[Spurred by a comment by Adrian Martin at Girish Shambu's blog, here's a revision -- maybe more accurately called a "re-writing" -- of an essay originally written for Tisch Film Review in 2008]
I would nominate The Intruder for the title of "most straightforward film ever made." Straightforward, in the sense that it has no pretenses, and that is not encumbered by anything: not by the usual patterns and models of framing, editing or just plain filmmaking, nor by traditions of narrative. The movie isn't structured along the lines through which we usually approach memory and experience. It passes over the "conscious" story, the way we think about our experiences, instead presenting a sequence of events and memories in the way we experience them. And it’s not concerned with who is experiencing what or why, or the usual delineations of character and time. It shows how a moment exists before we understand that it has occurred.
Since its raw material involves the filming of reality, cinema has always built itself and its structures on empiricism. But I believe that the reason we have movies is because our interests go beyond our senses. The camera is not an extension of the eye and the microphone doesn’t hear the world the way we do. At its heart, cinema is the idea of turning reality into a metaphor for itself.
The history of cinema begins with a complete unity of a plan and a moment (a single shot, a single idea), and then develops into increasingly complicated plans (casting orders, budgets, eventually screenplays) which in turn require systems (studio shooting, acting styles, crew hierarchies) for getting the fleeting -- "the moment of production," you could call it -- to conform to the plan.

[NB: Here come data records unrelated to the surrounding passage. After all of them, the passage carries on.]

lemma chain_cell_subset_Yn:
  assumes z: "avoiding_chain n X z"
  shows "chain_cell n z \<subseteq> Yn n X"
proof
  fix y assume y: "y \<in> chain_cell n z"
  have z01: "z j \<in> {0..1} - X" if "j \<le> n" for j
    using z that by (simp add: avoiding_chain_def)
  have below: "j = 0 \<or> yext n y j < z j" if "j \<le> n" for j
    using y that by (auto simp: chain_cell_def yext_def)
  have above: "j = n \<or> z j < yext n y (j + 1)" if "j \<le> n" for j
  proof (cases "j = n")
    case False
    then have "Suc j \<in> {1..n}"
      using that by simp
    then have "z j < y (Suc j)"
      using y unfolding chain_cell_def by fastforce
    then show ?thesis
      using False by (simp add: yext_def)
  qed simp
  have "yext n y j < yext n y (j + 1)" if "j \<le> n" for j
    using below[OF that] above[OF that] z01[OF that] by (auto simp: yext_def)
  then have S: "y \<in> simplexS n"
    using y by (simp add: simplexS_def chain_cell_def)
  have "z j \<in> rintIj n y j - X" if "j \<le> n" for j
    using below[OF that] above[OF that] z01[OF that] unfolding rintIj_eq[OF S that] by simp
  with S show "y \<in> Yn n X"
    unfolding Yn_def by blast
qed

We invented directors after we invented something that needed directing, chief cameramen after we had plans that needed unity, editors when we had need for editing, movie actors when we invented something for them to act out. The holy plan-séquence was a way to maintain coherence between the moment of production and the finished film while also maintaining coherence with the original plan. The art of screenwriting, in its classical form, was the art of inventing structures strong enough to survive the ups and downs of the momentary.
But the defining trait of cinema as it moves into the 21st century is the relocation of coherence from the level of scenes to the level of moments -- the individual relationship between shots instead of the way those shots might be arranged to construct "dramatic action." We are discovering the molecular, maybe even the atomic level of cinema.